§ **Task directions**
From the data below, copy exactly the lines that lie between the one holding "zero_rooted t (x @ [True])) \<in>" and the one holding "L \<Longrightarrow> s w \<in>", including both, and nothing more.

===============

text \<open>Rounding each predicted column to signs, every wrong sign costs at least 1 in the clipped
  error; the entries above the diagonal are ignored, so that distinct columns are charged
  for disjoint sets of independent entries.\<close>
lemma mismatches_column_triangle_le_clipped_sq_err:
  assumes M: "M \<in> sym_sign_matrices d" and J: "J \<subseteq> {1..d}"
  shows "real (mismatches (column_triangle J) (\<lambda>p. sign_of (v (fst p) (snd p))) M)
         \<le> (\<Sum>j\<in>J. clipped_sq_err d (v j) M j)"
proof -
  let ?miss = "\<lambda>j i. if M j i \<noteq> sign_of (v j i) then 1 else (0::real)"
  have "finite J" using J finite_subset by blast
  moreover have "{p \<in> column_triangle J. M (fst p) (snd p) \<noteq> sign_of (v (fst p) (snd p))}
      = Sigma J (\<lambda>j. {i \<in> {1..j}. M j i \<noteq> sign_of (v j i)})"
    by (auto simp: column_triangle_def)
  ultimately have "real (mismatches (column_triangle J) (\<lambda>p. sign_of (v (fst p) (snd p))) M)
        = (\<Sum>j\<in>J. real (card {i \<in> {1..j}. M j i \<noteq> sign_of (v j i)}))"
    by (simp add: mismatches_def card_SigmaI)
  also have "\<dots> = (\<Sum>j\<in>J. \<Sum>i\<in>{1..j}. ?miss j i)"
    by (intro sum.cong refl) (simp add: sum.inter_filter[symmetric])
  also have "\<dots> \<le> (\<Sum>j\<in>J. \<Sum>i\<in>{1..j}. (clip (v j i - M i j))\<^sup>2)"
  proof (intro sum_mono)
    fix j i assume "j \<in> J" "i \<in> {1..j}"
    then have "i \<in> {1..d}" "j \<in> {1..d}" using J by auto
    then have "M i j \<in> {-1, 1}" "M j i = M i j"
      using M unfolding sym_sign_matrices_def by auto
    then show "?miss j i \<le> (clip (v j i - M i j))\<^sup>2" using mismatch_le_clip_sq by metis
  qed
  also have "\<dots> \<le> (\<Sum>j\<in>J. clipped_sq_err d (v j) M j)"
    unfolding clipped_sq_err_def by (intro sum_mono sum_mono2) (use J in auto)
  finally show ?thesis .
qed
lemma multiplier_parity:
  fixes K A B q x :: int
  assumes "A + K * B = q" "odd (A + B)"
  shows "odd (q - K * x + x) \<or> (even K \<and> odd (B - x))"
proof -
  have "q - K * x + x = (A + B) + (K - 1) * (B - x)" using assms(1) by (simp add: algebra_simps)
  then show ?thesis using assms(2) by auto
qed

lemma multiplier_choice_below:
  fixes K A B q x :: int
  assumes K: "0 < K" and B: "0 < B" and q: "A + K * B = q" "odd (A + B)"
    and x: "K * x \<le> q" "B \<le> x"
  shows "(odd (q - K * x + x) \<and> \<bar>q - K * x\<bar> + x \<le> \<bar>A\<bar> + B) \<or> (even K \<and> K + 1 \<le> \<bar>A\<bar> + B)"
proof -
  have eq: "\<bar>A\<bar> + B = \<bar>q - K * x\<bar> + x + (K - 1) * (x - B)"
    using abs_sub_mult_below[of K x q B] K x q(1) by auto
  show ?thesis
  proof (cases "odd (q - K * x + x)")
    case True
    have "0 \<le> (K - 1) * (x - B)" using K x by simp
    then show ?thesis using True eq by simp
  next
    case False
    with multiplier_parity[OF q] have "even K" "odd (B - x)" by auto
    then have "B + 1 \<le> x" using x by (cases "B = x") auto
    then have "K - 1 \<le> (K - 1) * (x - B)" using K mult_left_mono[of 1 "x - B" "K - 1"] by simp
    then have "K + 1 \<le> \<bar>A\<bar> + B" using eq B \<open>B + 1 \<le> x\<close> abs_ge_zero[of "q - K * x"] by linarith
    then show ?thesis using \<open>even K\<close> by simp
  qed
qed

lemma multiplier_choice_above:
  fixes K A B q x :: int
  assumes K: "0 < K" and q: "A + K * B = q" "odd (A + B)"
    and x: "q \<le> K * x" "0 \<le> x" "x \<le> B"
  shows "(odd (q - K * x + x) \<and> \<bar>q - K * x\<bar> + x \<le> \<bar>A\<bar> + B) \<or> (even K \<and> K + 1 \<le> \<bar>A\<bar> + B)"
proof -
  have eq: "\<bar>A\<bar> + B = \<bar>q - K * x\<bar> + x + (K + 1) * (B - x)"
    using abs_sub_mult_above[of K q x B] K x q(1) by auto
  show ?thesis
  proof (cases "odd (q - K * x + x)")
    case True
    have "0 \<le> (K + 1) * (B - x)" using K x by simp
    then show ?thesis using True eq by simp
  next
    case False
    with multiplier_parity[OF q] have "even K" "odd (B - x)" by auto
    then have "x + 1 \<le> B" using x by (cases "B = x") auto
    then have "K + 1 \<le> (K + 1) * (B - x)" using K mult_left_mono[of 1 "B - x" "K + 1"] by simp
    then have "K + 1 \<le> \<bar>A\<bar> + B" using eq x(2) abs_ge_zero[of "q - K * x"] by linarith
    then show ?thesis using \<open>even K\<close> by simp
  qed
qed

text \<open>Replacing the multiplier \<open>B\<close> of a representation \<open>A + K B = q\<close> by \<open>\<lfloor>q/K\<rfloor>\<close> or \<open>\<lceil>q/K\<rceil>\<close>
  does not increase \<open>|A| + B\<close>; the parity of \<open>A + B\<close> can only be lost when \<open>K\<close> is even, and then
  \<open>|A| + B\<close> is already large.\<close>

lemma rounded_quotient_choice:
  fixes K A B q :: int
  assumes K: "0 < K" and B: "0 < B" and "0 \<le> q" and q: "A + K * B = q" "odd (A + B)"
  shows "(\<exists>x\<in>rounded_quotients K q. odd (q - K * x + x) \<and> \<bar>q - K * x\<bar> + x \<le> \<bar>A\<bar> + B)
    \<or> (even K \<and> K + 1 \<le> \<bar>A\<bar> + B)"
proof -
  define f where "f = q div K"
  define c where "c = - ((- q) div K)"
  have R: "f \<in> rounded_quotients K q" "c \<in> rounded_quotients K q"
    by (simp_all add: rounded_quotients_def f_def c_def)
  have Kc: "q \<le> K * c" using le_mult_ceiling_quotient[OF K] by (simp add: c_def)
  show ?thesis
  proof (cases "B \<le> f")
    case True
    have Kf: "K * f \<le> q" using mult_floor_quotient_le[OF K] by (simp add: f_def)
    show ?thesis using multiplier_choice_below[OF K B q Kf True] R(1) by blast
  next
    case False
    from K R(2) have "c \<le> f + 1" by (cases rule: rounded_quotients_cases) (simp_all add: f_def)
    moreover have "0 \<le> K * c" using Kc \<open>0 \<le> q\<close> by simp
    then have "0 \<le> c" using K by (simp add: zero_le_mult_iff)
    ultimately show ?thesis using multiplier_choice_above[OF K q Kc] False R(2) by fastforce
  qed
qed
(* Let $\mathcal{A}=\{0,1\}$ and let $X$ be the simplified golden-mean tree-shift, i.e. the set of trees $t$ such that for every $x\in\Sigma^*$ the triple $(t_x,t_{x0},t_{x1})$ belongs to $\{(0,0,0),(0,1,1),(1,0,0)\}$. Then $X$ is uniformly strongly irreducible with complete prefix code $\Sigma^2$: for any two patterns $u,v$ accepted by $X$ there exists $t\in X$ with $t|_{S(u)}=u$ and $t|_{wxS(v)}=v$ for every leaf $w$ of $u$ and every $x\in\Sigma^2$.
   Context: $\Sigma=\{0,1\}$. $\Sigma^*$ is the set of finite words, $\Sigma^2$ is the set of words of length $2$, and a tree is $t:\Sigma^*\to\mathcal{A}$ with $t_x=t(x)$. A pattern $u$ is a map on a finite prefix-closed support $S(u)\subseteq\Sigma^*$. A pattern is accepted by $X$ if it occurs (at some node) in some tree of $X$. For $w\in\Sigma^*$, $t|_{wS(v)}=v$ means $t_{wy}=v_y$ for all $y\in S(v)$. A leaf of $u$ is $w\in S(u)$ with $w0,w1\notin S(u)$. *)

theory Defs
  imports Main
begin

(* Sigma = {0,1} is encoded as bool (0 = False, 1 = True); words in Sigma^* are bool lists,
   concatenation is @. The alphabet A = {0,1} is likewise encoded as bool. *)
type_synonym word = "bool list"
type_synonym tree = "word \<Rightarrow> bool"
(* a pattern is a partial map; its support S(u) is dom u *)
type_synonym pattern = "word \<rightharpoonup> bool"

definition prefix_closed :: "word set \<Rightarrow> bool" where
  "prefix_closed S \<longleftrightarrow> (\<forall>x y. x @ y \<in> S \<longrightarrow> x \<in> S)"

definition is_pattern :: "pattern \<Rightarrow> bool" where
  "is_pattern u \<longleftrightarrow> finite (dom u) \<and> prefix_closed (dom u)"

definition occurs_at :: "tree \<Rightarrow> word \<Rightarrow> pattern \<Rightarrow> bool" where
  "occurs_at t w u \<longleftrightarrow> (\<forall>y \<in> dom u. u y = Some (t (w @ y)))"

definition accepted :: "tree set \<Rightarrow> pattern \<Rightarrow> bool" where
  "accepted X u \<longleftrightarrow> (\<exists>t \<in> X. \<exists>w. occurs_at t w u)"

definition is_leaf :: "pattern \<Rightarrow> word \<Rightarrow> bool" where
  "is_leaf u w \<longleftrightarrow> w \<in> dom u \<and> w @ [False] \<notin> dom u \<and> w @ [True] \<notin> dom u"

definition golden_mean :: "tree set" where
  "golden_mean = {t. \<forall>x. (t x, t (x @ [False]), t (x @ [True])) \<in>
       {(False, False, False), (False, True, True), (True, False, False)}}"

end

theory Submission
  imports Defs "HOL-Library.Sublist"
begin

text \<open>In the golden-mean shift the two children of a node always carry equal symbols, and a
  node labelled 1 has children labelled 0. Hence a pair of sibling nodes may always be
  relabelled 0 and below them any golden-mean trees may be grafted, whatever their
  parent carries. Taking \<open>u\<close> from one tree and grafting, below each child of each leaf
  of \<open>u\<close>, a tree with root 0 whose two subtrees both show \<open>v\<close>, places \<open>v\<close> at every node
  \<open>w @ x\<close> with \<open>w\<close> a leaf of \<open>u\<close> and \<open>length x = 2\<close>.\<close>

lemma golden_meanD:
  "t \<in> golden_mean \<Longrightarrow> (t x, t (x @ [False]), t (x @ [True])) \<in>
     {(False, False, False), (False, True, True), (True, False, False)}"
  unfolding golden_mean_def by blast

definition subtree :: "tree \<Rightarrow> word \<Rightarrow> tree" where
  "subtree t w = (\<lambda>y. t (w @ y))"

definition zero_rooted :: "tree \<Rightarrow> tree" where
  "zero_rooted t = (\<lambda>y. case y of [] \<Rightarrow> False | _ # r \<Rightarrow> t r)"

lemma subtree_golden_mean:
  assumes "t \<in> golden_mean"
  shows "subtree t w \<in> golden_mean"
  unfolding golden_mean_def
proof (intro CollectI allI)
  fix x
  show "(subtree t w x, subtree t w (x @ [False]), subtree t w (x @ [True])) \<in>
     {(False, False, False), (False, True, True), (True, False, False)}"
    using golden_meanD[OF assms, of "w @ x"] by (simp add: subtree_def)
qed

lemma zero_rooted_golden_mean:
  assumes "t \<in> golden_mean"
  shows "zero_rooted t \<in> golden_mean"
  unfolding golden_mean_def
proof (intro CollectI allI)
  fix x
  show "(zero_rooted t x, zero_rooted t (x @ [False]), zero_rooted t (x @ [True])) \<in>
     {(False, False, False), (False, True, True), (True, False, False)}"
    using golden_meanD[OF assms, of "tl x"] by (cases x) (auto simp: zero_rooted_def)
qed

definition prefix_free :: "word set \<Rightarrow> bool" where
  "prefix_free L \<longleftrightarrow> (\<forall>w \<in> L. \<forall>w' \<in> L. prefix w w' \<longrightarrow> w = w')"

text \<open>The \<open>THE\<close> picks the unique node of \<open>L\<close> above \<open>y\<close> only when \<open>L\<close> is prefix-free.\<close>

definition graft :: "tree \<Rightarrow> word set \<Rightarrow> (word \<Rightarrow> tree) \<Rightarrow> tree" where
  "graft t L s y =
     (if \<exists>w \<in> L. prefix w y
      then let w = THE w. w \<in> L \<and> prefix w y in s w (drop (length w) y)
      else t y)"

lemma graft_below:
  assumes "prefix_free L" and "w \<in> L"
  shows "graft t L s (w @ r) = s w r"
proof -
  have "(THE w'. w' \<in> L \<and> prefix w' (w @ r)) = w"
  proof (rule the_equality)
    fix w' assume w': "w' \<in> L \<and> prefix w' (w @ r)"
    then have "prefix w' w \<or> prefix w w'"
      using prefix_same_cases[of w' "w @ r" w] by auto
    then show "w' = w" using assms w' unfolding prefix_free_def by metis
  qed (use assms in auto)
  then show ?thesis using assms(2) unfolding graft_def by auto
qed

lemma graft_outside: "\<not> (\<exists>w \<in> L. prefix w y) \<Longrightarrow> graft t L s y = t y"
  unfolding graft_def by simp

text \<open>Closure under siblings keeps the children of every node either both grafted or both
  original; grafted trees with root 0 are then compatible with any parent.\<close>

lemma graft_golden_mean:
  assumes "t \<in> golden_mean" and "\<And>w. w \<in> L \<Longrightarrow> s w \<in> golden_mean"
    and "\<And>w. w \<in> L \<Longrightarrow> s w [] = False"
    and "prefix_free L" and siblings: "\<And>x b. x @ [b] \<in> L \<Longrightarrow> x @ [\<not> b] \<in> L"
  shows "graft t L s \<in> golden_mean"
  unfolding golden_mean_def
proof (intro CollectI allI)
  fix y
  let ?g = "graft t L s"
  show "(?g y, ?g (y @ [False]), ?g (y @ [True])) \<in>
     {(False, False, False), (False, True, True), (True, False, False)}"
  proof (cases "\<exists>w \<in> L. prefix w y")
    case True
    then obtain w r where "w \<in> L" "y = w @ r" by (auto elim: prefixE)
    then show ?thesis
      using golden_meanD[OF assms(2), of w r] graft_below[OF assms(4), of w t s] by simp
  next
    case outside: False
    show ?thesis
    proof (cases "y @ [False] \<in> L \<or> y @ [True] \<in> L")
      case True
      then have "y @ [b] \<in> L" for b using siblings by (cases b) fastforce+
      then have "?g (y @ [b]) = False" for b
        using graft_below[OF assms(4), of "y @ [b]" t s "[]"] assms(3) by simp
      then show ?thesis by (cases "?g y") auto
    next
      case False
      then have "?g (y @ [b]) = t (y @ [b])" for b
        using outside by (intro graft_outside) (cases b; auto)
      then show ?thesis using golden_meanD[OF assms(1), of y] graft_outside[OF outside] by simp
    qed
  qed
qed

lemma leaf_no_descendant:
  assumes "is_leaf u w" and "prefix_closed (dom u)" and "prefix (w @ [b]) y"
  shows "y \<notin> dom u"
proof
  assume y: "y \<in> dom u"
  obtain r where "y = (w @ [b]) @ r" using assms(3) by (auto elim: prefixE)
  then have "w @ [b] \<in> dom u" using y assms(2) unfolding prefix_closed_def by blast
  then show False using assms(1) unfolding is_leaf_def by (cases b) auto
qed

definition leaf_children :: "pattern \<Rightarrow> word set" where
  "leaf_children u = {w @ [b] | w b. is_leaf u w}"

lemma prefix_free_leaf_children:
  assumes "prefix_closed (dom u)"
  shows "prefix_free (leaf_children u)"
  unfolding prefix_free_def
proof (intro ballI impI)
  fix x x' assume "x \<in> leaf_children u" "x' \<in> leaf_children u" and below: "prefix x x'"
  then obtain w b w' b' where leaves: "is_leaf u w" "is_leaf u w'"
    and x: "x = w @ [b]" "x' = w' @ [b']"
    unfolding leaf_children_def by blast
  have "w' \<in> dom u" using leaves(2) unfolding is_leaf_def by blast
  then have "\<not> prefix (w @ [b]) w'" using leaf_no_descendant[OF leaves(1) assms] by blast
  then show "x = x'" using below x by simp
qed

lemma leaf_children_outside_dom:
  assumes "prefix_closed (dom u)" and "y \<in> dom u"
  shows "\<not> (\<exists>w \<in> leaf_children u. prefix w y)"
  using leaf_no_descendant[OF _ assms(1)] assms(2) unfolding leaf_children_def by blast

theorem mainTheorem12:
  assumes "is_pattern u" and "is_pattern v"
    and "accepted golden_mean u" and "accepted golden_mean v"
  shows "\<exists>t \<in> golden_mean. occurs_at t [] u \<and>
           (\<forall>w x. is_leaf u w \<longrightarrow> length x = 2 \<longrightarrow> occurs_at t (w @ x) v)"
proof -
  have closed: "prefix_closed (dom u)" using assms(1) unfolding is_pattern_def by blast
  obtain t1 w1 where t1: "t1 \<in> golden_mean" "occurs_at t1 w1 u"
    using assms(3) unfolding accepted_def by blast
  obtain t2 w2 where t2: "t2 \<in> golden_mean" "occurs_at t2 w2 v"
    using assms(4) unfolding accepted_def by blast
  let ?L = "leaf_children u"
  let ?s = "\<lambda>_. zero_rooted (subtree t2 w2)"
  define t where "t = graft (subtree t1 w1) ?L ?s"
  have "t \<in> golden_mean"
    unfolding t_def using prefix_free_leaf_children[OF closed]
    by (intro graft_golden_mean subtree_golden_mean zero_rooted_golden_mean t1 t2)
      (auto simp: zero_rooted_def leaf_children_def)
  moreover have "occurs_at t [] u"
    using t1(2) graft_outside[OF leaf_children_outside_dom[OF closed]]
    unfolding occurs_at_def t_def subtree_def by auto
  moreover have "occurs_at t (w @ x) v" if "is_leaf u w" and "length x = 2" for w x
  proof -
    obtain b c where x: "x = [b, c]"
      using \<open>length x = 2\<close> by (auto simp: numeral_2_eq_2 length_Suc_conv)
    have "t (w @ x @ y) = t2 (w2 @ y)" for y
      using graft_below[OF prefix_free_leaf_children[OF closed], of "w @ [b]" _ _ "c # y"] that
      unfolding t_def leaf_children_def zero_rooted_def subtree_def x by auto
    then show ?thesis using t2(2) unfolding occurs_at_def by simp
  qed
  ultimately show ?thesis by blast
qed

end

===============

§ **Solution to this exercise**
  show "(zero_rooted t x, zero_rooted t (x @ [False]), zero_rooted t (x @ [True])) \<in>
     {(False, False, False), (False, True, True), (True, False, False)}"
    using golden_meanD[OF assms, of "tl x"] by (cases x) (auto simp: zero_rooted_def)
qed

definition prefix_free :: "word set \<Rightarrow> bool" where
  "prefix_free L \<longleftrightarrow> (\<forall>w \<in> L. \<forall>w' \<in> L. prefix w w' \<longrightarrow> w = w')"

text \<open>The \<open>THE\<close> picks the unique node of \<open>L\<close> above \<open>y\<close> only when \<open>L\<close> is prefix-free.\<close>

definition graft :: "tree \<Rightarrow> word set \<Rightarrow> (word \<Rightarrow> tree) \<Rightarrow> tree" where
  "graft t L s y =
     (if \<exists>w \<in> L. prefix w y
      then let w = THE w. w \<in> L \<and> prefix w y in s w (drop (length w) y)
      else t y)"

lemma graft_below:
  assumes "prefix_free L" and "w \<in> L"
  shows "graft t L s (w @ r) = s w r"
proof -
  have "(THE w'. w' \<in> L \<and> prefix w' (w @ r)) = w"
  proof (rule the_equality)
    fix w' assume w': "w' \<in> L \<and> prefix w' (w @ r)"
    then have "prefix w' w \<or> prefix w w'"
      using prefix_same_cases[of w' "w @ r" w] by auto
    then show "w' = w" using assms w' unfolding prefix_free_def by metis
  qed (use assms in auto)
  then show ?thesis using assms(2) unfolding graft_def by auto
qed

lemma graft_outside: "\<not> (\<exists>w \<in> L. prefix w y) \<Longrightarrow> graft t L s y = t y"
  unfolding graft_def by simp

text \<open>Closure under siblings keeps the children of every node either both grafted or both
  original; grafted trees with root 0 are then compatible with any parent.\<close>

lemma graft_golden_mean:
  assumes "t \<in> golden_mean" and "\<And>w. w \<in> L \<Longrightarrow> s w \<in> golden_mean"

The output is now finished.